• _INSTRUCTIONS FOR THE TASK_
Some of the lines below need repeating. Reproduce exactly those between the lines holding "using \<rho> by (simp add: field_simps)" and "using eventually_at_left_real[of 0", inclusive.

• _DATASET EXTRACT_
lemma has_fps_expansion_if_sums_on_ball:
  fixes f :: "complex \<Rightarrow> complex"
  assumes "0 < R" and series: "\<And>z. z \<in> ball 0 R \<Longrightarrow> (\<lambda>k. a k * z ^ k) sums f z"
  shows "f has_fps_expansion Abs_fps a"
proof (rule has_fps_expansionI)
  have "eventually (\<lambda>z. z \<in> ball 0 R) (nhds (0::complex))"
    using \<open>0 < R\<close> by (intro eventually_nhds_in_open) auto
  then show "eventually (\<lambda>z. (\<lambda>k. fps_nth (Abs_fps a) k * z ^ k) sums f z) (nhds 0)"
    by (rule eventually_mono) (simp add: series)
qed

lemma norm_fps_nth_le_if_norm_le_power:
  fixes g :: "complex \<Rightarrow> complex"
  assumes hol: "g holomorphic_on ball 0 1" and G: "g has_fps_expansion G"
    and bound: "\<And>z. z \<in> ball 0 1 \<Longrightarrow> norm (g z) \<le> C * norm z ^ m" and "m \<le> k"
  shows "norm (fps_nth G k) \<le> C"
proof -
  have le_C: "norm (fps_nth G k) * \<rho> ^ (k - m) \<le> C" if \<rho>: "0 < \<rho>" "\<rho> < 1" for \<rho> :: real
  proof -
    have "norm ((deriv ^^ k) g 0) \<le> fact k * (C * \<rho> ^ m) / \<rho> ^ k"
    proof (rule Cauchy_inequality)
      show "g holomorphic_on ball 0 \<rho>"
        using hol by (rule holomorphic_on_subset) (use \<rho> in auto)
      show "continuous_on (cball 0 \<rho>) g"
        by (rule holomorphic_on_imp_continuous_on, rule holomorphic_on_subset[OF hol]) (use \<rho> in auto)
      show "norm (g z) \<le> C * \<rho> ^ m" if "norm (0 - z) = \<rho>" for z
        using bound[of z] that \<rho> by auto
    qed fact
    then have "norm (fps_nth G k) \<le> C * \<rho> ^ m / \<rho> ^ k"
      unfolding fps_nth_fps_expansion[OF G] norm_divide by (simp add: field_simps)
    also have "\<dots> = C / \<rho> ^ (k - m)"
      using \<rho> \<open>m \<le> k\<close> by (simp add: power_diff)
    finally show ?thesis
      using \<rho> by (simp add: field_simps)
  qed
  have "eventually (\<lambda>\<rho>. norm (fps_nth G k) * \<rho> ^ (k - m) \<le> C) (at_left (1::real))"
    using eventually_at_left_real[of 0 "1::real"] by (rule eventually_mono) (use le_C in auto)
  moreover have "((\<lambda>\<rho>. norm (fps_nth G k) * \<rho> ^ (k - m)) \<longlongrightarrow> norm (fps_nth G k) * 1 ^ (k - m))
      (at_left 1)"
    by (intro tendsto_intros)
  ultimately show ?thesis
    using tendsto_upperbound by fastforce
qed
lemma negligible_Lipschitz_image_lowdim:
  fixes g :: "'m::euclidean_space \<Rightarrow> 'k::euclidean_space"
  assumes dim: "DIM('m) < DIM('k)"
    and L: "\<And>y1 y2. y1 \<in> S \<Longrightarrow> y2 \<in> S \<Longrightarrow> norm (g y1 - g y2) \<le> L * norm (y1 - y2)"
  shows "negligible (g ` S)"
proof -
  define S' where "S' = (\<lambda>y. (y, 0::real)) ` S"
  have "S' \<subseteq> {z. (0::'m, 1::real) \<bullet> z = 0}" by (auto simp: S'_def)
  moreover have "negligible {z. (0::'m, 1::real) \<bullet> z = 0}"
    by (rule negligible_hyperplane) (simp add: zero_prod_def)
  ultimately have "negligible S'" using negligible_subset by blast
  then have "negligible ((\<lambda>z. g (fst z)) ` S')"
  proof (rule negligible_locally_Lipschitz_image[rotated])
    show "DIM('m \<times> real) \<le> DIM('k)" using dim by simp
    fix z assume "z \<in> S'"
    then show "\<exists>T B. open T \<and> z \<in> T \<and> (\<forall>y\<in>S' \<inter> T. norm (g (fst y) - g (fst z)) \<le> B * norm (y - z))"
      using L by (intro exI[of _ UNIV] exI[of _ L]) (auto simp: S'_def)
  qed
  moreover have "(\<lambda>z. g (fst z)) ` S' = g ` S" by (auto simp: S'_def image_image)
  ultimately show ?thesis by simp
qed

lemma negligible_fst_image_if_Lipschitz_over_snd:
  fixes W :: "('k::euclidean_space \<times> 'm::euclidean_space) set"
  assumes dim: "DIM('m) < DIM('k)"
    and L: "\<And>p1 p2. p1 \<in> W \<Longrightarrow> p2 \<in> W \<Longrightarrow> norm (fst p2 - fst p1) \<le> L * norm (snd p2 - snd p1)"
  shows "negligible (fst ` W)"
proof -
  define g where "g y = fst (SOME p. p \<in> W \<and> snd p = y)" for y
  have g: "g (snd p) = fst p" if "p \<in> W" for p
  proof -
    define p' where "p' = (SOME p'. p' \<in> W \<and> snd p' = snd p)"
    have "\<exists>p'. p' \<in> W \<and> snd p' = snd p" using that by blast
    then have p': "p' \<in> W \<and> snd p' = snd p" unfolding p'_def by (rule someI_ex)
    then show ?thesis using L[of p' p] that by (simp add: g_def flip: p'_def)
  qed
  have "fst ` W = g ` (snd ` W)" by (force simp: g image_image)
  moreover have "negligible (g ` (snd ` W))"
    using dim L g by (intro negligible_Lipschitz_image_lowdim) (auto simp: norm_minus_commute)
  ultimately show ?thesis by simp
qed

lemma negligible_image_if_locally_negligible:
  fixes f :: "'a::euclidean_space \<Rightarrow> 'b::euclidean_space"
  assumes local: "\<And>p. p \<in> Z \<Longrightarrow> \<exists>r>0. negligible (f ` (Z \<inter> ball p r))"
  shows "negligible (f ` Z)"
proof -
  obtain r where r: "\<And>p. p \<in> Z \<Longrightarrow> r p > 0 \<and> negligible (f ` (Z \<inter> ball p (r p)))"
    using local by metis
  obtain \<F> where \<F>: "\<F> \<subseteq> (\<lambda>p. ball p (r p)) ` Z" "countable \<F>" "\<Union>\<F> = \<Union>((\<lambda>p. ball p (r p)) ` Z)"
    using Lindelof[of "(\<lambda>p. ball p (r p)) ` Z"] by auto
  have "Z \<subseteq> \<Union>\<F>"
  proof
    fix p assume "p \<in> Z"
    then have "p \<in> ball p (r p)" using r by simp
    with \<open>p \<in> Z\<close> show "p \<in> \<Union>\<F>" unfolding \<F>(3) by blast
  qed
  then have "f ` Z = (\<Union>U\<in>\<F>. f ` (Z \<inter> U))" by auto
  moreover have "negligible (\<Union>U\<in>\<F>. f ` (Z \<inter> U))"
  proof (intro negligible_countable_Union countable_image \<F>(2))
    fix S assume "S \<in> (\<lambda>U. f ` (Z \<inter> U)) ` \<F>"
    then obtain p where "p \<in> Z" "S = f ` (Z \<inter> ball p (r p))" using \<F>(1) by auto
    then show "negligible S" using r by simp
  qed
  ultimately show ?thesis by simp
qed

theorem negligible_projection_regular_zeros:
  fixes F :: "'k::euclidean_space \<times> 'm::euclidean_space \<Rightarrow> 'k"
  assumes dim: "DIM('m) < DIM('k)"
    and der: "\<And>p h. ((\<lambda>s. F (p + s *\<^sub>R h)) has_vector_derivative DF p h) (at 0)"
    and lin: "\<And>p. linear (DF p)" and cont: "\<And>h. continuous_on UNIV (\<lambda>p. DF p h)"
  shows "negligible {b. \<exists>y. F (b, y) = 0 \<and> inj (\<lambda>u. DF (b, y) (u, 0))}"
proof -
  define Z where "Z = {p. F p = 0 \<and> inj (\<lambda>u. DF p (u, 0))}"
  have "negligible (fst ` Z)"
  proof (rule negligible_image_if_locally_negligible)
    fix p0 assume "p0 \<in> Z"
    then have "inj (\<lambda>u. DF p0 (u, 0))" by (simp add: Z_def)
    then obtain r L where "r > 0" and L: "\<And>p1 p2. p1 \<in> ball p0 r \<Longrightarrow> p2 \<in> ball p0 r \<Longrightarrow>
        F p1 = 0 \<Longrightarrow> F p2 = 0 \<Longrightarrow> norm (fst p2 - fst p1) \<le> L * norm (snd p2 - snd p1)"
      using zeros_Lipschitz_graph_near_regular_point[OF der lin cont] by blast
    moreover have "negligible (fst ` (Z \<inter> ball p0 r))"
      using dim L by (intro negligible_fst_image_if_Lipschitz_over_snd) (auto simp: Z_def)
    ultimately show "\<exists>r>0. negligible (fst ` (Z \<inter> ball p0 r))" by blast
  qed
  moreover have "{b. \<exists>y. F (b, y) = 0 \<and> inj (\<lambda>u. DF (b, y) (u, 0))} = fst ` Z"
    by (force simp: Z_def)
  ultimately show ?thesis by simp
qed

section \<open>Null sets of finite products of Lebesgue measure\<close>

definition fun_of_vec :: "('k::finite \<Rightarrow> 'a) \<Rightarrow> real^'k \<Rightarrow> 'a \<Rightarrow> real" where
  "fun_of_vec \<sigma> b = (\<lambda>\<alpha>\<in>range \<sigma>. b $ (inv \<sigma> \<alpha>))"

lemma measurable_fun_of_vec: "fun_of_vec \<sigma> \<in> measurable lborel (PiM (range \<sigma>) (\<lambda>_. lborel))"
  unfolding fun_of_vec_def by (intro measurable_restrict) simp

interpretation product_lborel: product_sigma_finite "\<lambda>_::'a. lborel :: real measure"
  by standard
definition row_sum :: "nat \<Rightarrow> (nat \<Rightarrow> nat \<Rightarrow> bool) \<Rightarrow> nat \<Rightarrow> nat" where
  "row_sum c M i = card {j. j < c \<and> M i j}"

definition col_sum :: "nat \<Rightarrow> (nat \<Rightarrow> nat \<Rightarrow> bool) \<Rightarrow> nat \<Rightarrow> nat" where
  "col_sum r M j = card {i. i < r \<and> M i j}"

definition lonesum :: "nat \<Rightarrow> nat \<Rightarrow> (nat \<Rightarrow> nat \<Rightarrow> bool) \<Rightarrow> bool" where
  "lonesum r c M \<longleftrightarrow> (\<forall>N \<in> mats r c.
      (\<forall>i<r. row_sum c N i = row_sum c M i) \<and> (\<forall>j<c. col_sum r N j = col_sum r M j)
      \<longrightarrow> N = M)"

definition same_row :: "nat \<Rightarrow> (nat \<Rightarrow> nat \<Rightarrow> bool) \<Rightarrow> nat \<Rightarrow> nat \<Rightarrow> bool" where
  "same_row c M i i' \<longleftrightarrow> (\<forall>j<c. M i j = M i' j)"

definition same_col :: "nat \<Rightarrow> (nat \<Rightarrow> nat \<Rightarrow> bool) \<Rightarrow> nat \<Rightarrow> nat \<Rightarrow> bool" where
  "same_col r M j j' \<longleftrightarrow> (\<forall>i<r. M i j = M i j')"

definition in_L :: "nat \<Rightarrow> nat \<Rightarrow> nat \<Rightarrow> (nat \<Rightarrow> nat \<Rightarrow> bool) \<Rightarrow> bool" where
  "in_L d r c M \<longleftrightarrow> M \<in> mats r c \<and> lonesum r c M
     \<and> (\<forall>i<r. \<exists>j<c. M i j) \<and> (\<forall>j<c. \<exists>i<r. M i j)
     \<and> (\<forall>i<r. card {i'. i' < r \<and> same_row c M i i'} \<le> d)
     \<and> (\<forall>j<c. card {j'. j' < c \<and> same_col r M j j'} \<le> d)"

text \<open>Bivariate exponential generating function as a power series in x
whose coefficients are power series in y.\<close>
definition L_series :: "nat \<Rightarrow> rat fps fps" where
  "L_series d = Abs_fps (\<lambda>r. Abs_fps (\<lambda>c.
      of_nat (card {M. in_L d r c M}) / (fact r * fact c)))"

definition E_trunc :: "nat \<Rightarrow> rat fps" where
  "E_trunc d = Abs_fps (\<lambda>i. if i \<le> d then 1 / fact i else 0)"

definition E_x :: "nat \<Rightarrow> rat fps fps" where
  "E_x d = Abs_fps (\<lambda>i. fps_const (fps_nth (E_trunc d) i))"

definition E_y :: "nat \<Rightarrow> rat fps fps" where
  "E_y d = fps_const (E_trunc d)"

end
(* Every graph $G$ with $v(G) \geq 3$ vertices satisfies $\tau_4(G) \leq v(G) - 3$ in the $K_4$-bootstrap percolation process. In other words, for each $t \geq 1$, the graphs in the family $\mathcal H_t$ (for $r=4$, which have $t+3$ vertices and saturation time $t$) are vertex-minimal among graphs $G$ with $\tau_4(G) = t$.
   Context: $K_4$-bootstrap percolation: for a graph $G$ on vertex set $[n]$, set $G_0 := G$ and $G_{t+1} := G_t \cup \{e : \exists$ a copy $H$ of $K_4$ with $e \in H \subseteq G_t \cup \{e\}\}$; the saturation time is $\tau_4(G) := \min\{t \geq 0 : G_t = \bigcup_s G_s\}$. The family $\mathcal H_t$ (for $r=4$): start with a triangle (body) on $V_0$ and a fixed vertex $v_0 \in V_0$; $\mathcal H_1 = \{K_4 - e\}$, obtained by adding a vertex $v_1$ adjacent to $v_0$ and one other body vertex; for $t \geq 2$, $H_t \in \mathcal H_t$ is obtained from some $H_{t-1} \in \mathcal H_{t-1}$ (on $V_{t-1}$) by adding a new vertex $v_t$ with exactly $2$ neighbours in $V_{t-1}$, one of which is $v_{t-1}$ and the other of which is not a neighbour of $v_{t-1}$. *)

theory Defs
  imports Main
begin

definition graph_on :: "nat \<Rightarrow> nat set set \<Rightarrow> bool" where
  "graph_on n G \<longleftrightarrow> (\<forall>e\<in>G. e \<subseteq> {0..<n} \<and> card e = 2)"

definition clique_edges :: "nat set \<Rightarrow> nat set set" where
  "clique_edges K = {e. e \<subseteq> K \<and> card e = 2}"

• _SOLUTION TO THE EXERCISE_
      using \<rho> by (simp add: field_simps)
  qed
  have "eventually (\<lambda>\<rho>. norm (fps_nth G k) * \<rho> ^ (k - m) \<le> C) (at_left (1::real))"
    using eventually_at_left_real[of 0 "1::real"] by (rule eventually_mono) (use le_C in auto)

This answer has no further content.